Chapter 7 Differential Calculus

Section 7.5 Applications

7.5.5 Example

Let us consider the example above in more detail. Obviously, the problem is to minimise the surface area of a cylindrical can with a given volume (base multiplied by height):

${\displaystyle \begin{array}{c}\multicolumn{1}{c}{V=\pi r^{2}h=1\hspace{0.5em},}\end{array}}$
where $r$ is the radius of the base and $h$ is the height of the can.

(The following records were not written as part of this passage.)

lemma gauss_majorant_qdiff_terms:
  fixes p s :: real and k :: nat
  assumes p: "0 < p" "p < 1" and "0 < s"
  defines "z \<equiv> p ^ (2 * k)" and "B \<equiv> s ^ k * p ^ (k\<^sup>2) / ((1 - p\<^sup>2) * qpochhammer (p\<^sup>2) (Suc k))"
  shows "(1 - (p\<^sup>2) ^ Suc (Suc k)) / (1 - p\<^sup>2) * gauss_majorant p s (Suc (Suc k)) = B * (s\<^sup>2 * z\<^sup>2 * p ^ 4)"
    and "(p\<^sup>2) ^ k / (1 - p\<^sup>2) * gauss_majorant p s k = B * (z * (1 - z * p\<^sup>2))"
    and "gauss_majorant p s (Suc k) / ((1 - p\<^sup>2) * p * s) = B * z"
proof -
  define W where "W = qpochhammer (p\<^sup>2) (Suc k)"
  have q: "0 \<le> p\<^sup>2" "p\<^sup>2 < 1"
    using p by (auto simp: power_less_one_iff)
  have "0 \<le> z" "z \<le> 1"
    unfolding z_def using p by (auto simp: power_le_one)
  moreover have "p ^ 4 < 1"
    using p by (simp add: power_less_one_iff)
  ultimately have "z * p\<^sup>2 < 1" "z * p ^ 4 < 1"
    using q mult_left_le_one_le[of "p\<^sup>2" z] mult_left_le_one_le[of "p ^ 4" z] by auto
  have powers: "(p\<^sup>2) ^ k = z" "(p\<^sup>2) ^ Suc k = z * p\<^sup>2" "(p\<^sup>2) ^ Suc (Suc k) = z * p ^ 4"
    "p ^ (Suc k)\<^sup>2 = p ^ k\<^sup>2 * z * p" "p ^ (Suc (Suc k))\<^sup>2 = p ^ k\<^sup>2 * z\<^sup>2 * p ^ 4"
  proof -
    have "(Suc k)\<^sup>2 = k\<^sup>2 + 2 * k + 1" "(Suc (Suc k))\<^sup>2 = k\<^sup>2 + 2 * k * 2 + 4"
      by (simp_all add: power2_eq_square algebra_simps)
    then show "(p\<^sup>2) ^ k = z" "(p\<^sup>2) ^ Suc k = z * p\<^sup>2" "(p\<^sup>2) ^ Suc (Suc k) = z * p ^ 4"
      "p ^ (Suc k)\<^sup>2 = p ^ k\<^sup>2 * z * p" "p ^ (Suc (Suc k))\<^sup>2 = p ^ k\<^sup>2 * z\<^sup>2 * p ^ 4"
      by (simp_all only: z_def power_add power_mult power_Suc power_one_right mult_ac)
        (simp_all add: power2_eq_square power_mult_distrib eval_nat_numeral)
  qed
  have qpoch: "qpochhammer (p\<^sup>2) (Suc (Suc k)) = W * (1 - z * p ^ 4)"
    "qpochhammer (p\<^sup>2) k = W / (1 - z * p\<^sup>2)"
    using \<open>z * p\<^sup>2 < 1\<close> by (simp_all add: W_def qpochhammer_Suc powers mult.commute)
  have "0 < W"
    unfolding W_def using q by (rule qpochhammer_pos)
  then have nz: "1 - p\<^sup>2 \<noteq> 0" "W \<noteq> 0" "1 - z * p ^ 4 \<noteq> 0" "1 - z * p\<^sup>2 \<noteq> 0" "p \<noteq> 0" "s \<noteq> 0"
    using q p \<open>0 < s\<close> \<open>z * p ^ 4 < 1\<close> \<open>z * p\<^sup>2 < 1\<close> by auto
  show "(1 - (p\<^sup>2) ^ Suc (Suc k)) / (1 - p\<^sup>2) * gauss_majorant p s (Suc (Suc k)) = B * (s\<^sup>2 * z\<^sup>2 * p ^ 4)"
    using nz by (simp only: gauss_majorant_def qpoch powers B_def W_def[symmetric]) (simp add: power2_eq_square)
  show "(p\<^sup>2) ^ k / (1 - p\<^sup>2) * gauss_majorant p s k = B * (z * (1 - z * p\<^sup>2))"
    using nz by (simp add: gauss_majorant_def qpoch powers B_def W_def[symmetric])
  show "gauss_majorant p s (Suc k) / ((1 - p\<^sup>2) * p * s) = B * z"
    using nz by (simp add: gauss_majorant_def powers B_def W_def[symmetric] mult_ac)
qed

The surface area consists of the lid and the base (both with an area of $\pi r^2$) and the lateral surface (with an area of $2\pi rh$), which results in the equation $O=2\pi r^2+2\pi rh$ for the surface area of the can. The surface area of the can is a function of the radius $r$ and the height $h$. In contrast, a fixed volume (constraint) is assigned to the volume. Thus, it can be written:

${\displaystyle \begin{array}{c}\multicolumn{1}{c}{O(r,h)=2\pi r^2+2\pi rh\hspace{0.5em}.}\end{array}}$
Due to the constraint $V=\pi r^{2}h=1$, this problem that initially involves two variables ($r$ and $h$) can be reduced to a problem that only involves one variable. Solving the constraint for the height of the can results in:

${\displaystyle \begin{array}{ccc}\multicolumn{1}{c}{\pi r^{2}h}& =\hfill & 1\hfill \\ \multicolumn{1}{c}{\iff \mathrm{ }h}& =\hfill & \frac{1}{\pi r^2}\hspace{0.5em}.\hfill \end{array}}$
Substituting this formula into the function $O(r,h)$ results in a function that only depends on one variable. This function is also called $O$ for simplicity:

${\displaystyle \begin{array}{c}\multicolumn{1}{c}{O(r,h)=2\pi r^2+2\pi rh=2\pi r^2+2\pi r\frac{1}{\pi r^2}=2(\pi r^2+\frac{1}{r})=O\left(r\right)\hspace{0.5em}.}\end{array}}$
After this manipulation, the problem of finding the cans minimal surface area can be solved analogously to normal extremal value problems of functions. Thus, we take the first derivative of the function $O$ with respect to the variable $r$ and set this derivative equal to zero:

${\displaystyle \begin{array}{ccc}\multicolumn{1}{c}{O\text{'}\left(r\right)=2(2\pi r-\frac{1}{r^2})}& =\hfill & 0\hfill \\ \multicolumn{1}{c}{\iff \mathrm{ }2\pi r}& =\hfill & \frac{1}{r^2}\hfill \\ \multicolumn{1}{c}{\iff \mathrm{ }2\pi r^3}& =\hfill & 1\hfill \\ \multicolumn{1}{c}{\iff \mathrm{ }{r}^3}& =\hfill & \frac{1}{2\pi }\hfill \\ \multicolumn{1}{c}{\iff \mathrm{ }r}& =\hfill & \sqrt[3]{\frac{1}{2\pi }}\hspace{0.5em}.\hfill \end{array}}$
The last equivalent transformation used the fact that the radius $r$ cannot take negative values. Substituting this result into the second derivative of $O$ shows whether a minimum was actually found ($O\text{'}\text{'}(r)=4\pi +4/r^3$):

${\displaystyle \begin{array}{c}\multicolumn{1}{c}{O\text{'}\text{'}\left(\sqrt[3]{\frac{1}{2\pi }}\right)=4\pi +\frac{4}{{\left(\sqrt[3]{\frac{1}{2\pi }}\right)}^3}=12\pi >0\hspace{0.5em}.}\end{array}}$
For the radius $r=\sqrt[3]{\frac{1}{2\pi }}$, the surface area of the cylindrical can with the given volume $V=1$ is a minimum. The corresponding height of the can is $h=\frac{1}{\pi {\left(\sqrt[3]{\frac{1}{2\pi }}\right)}^2}=\sqrt[3]{\frac{4}{\pi }}$. If a can of these dimensions is manufactured, the material usage for the given volume is minimised.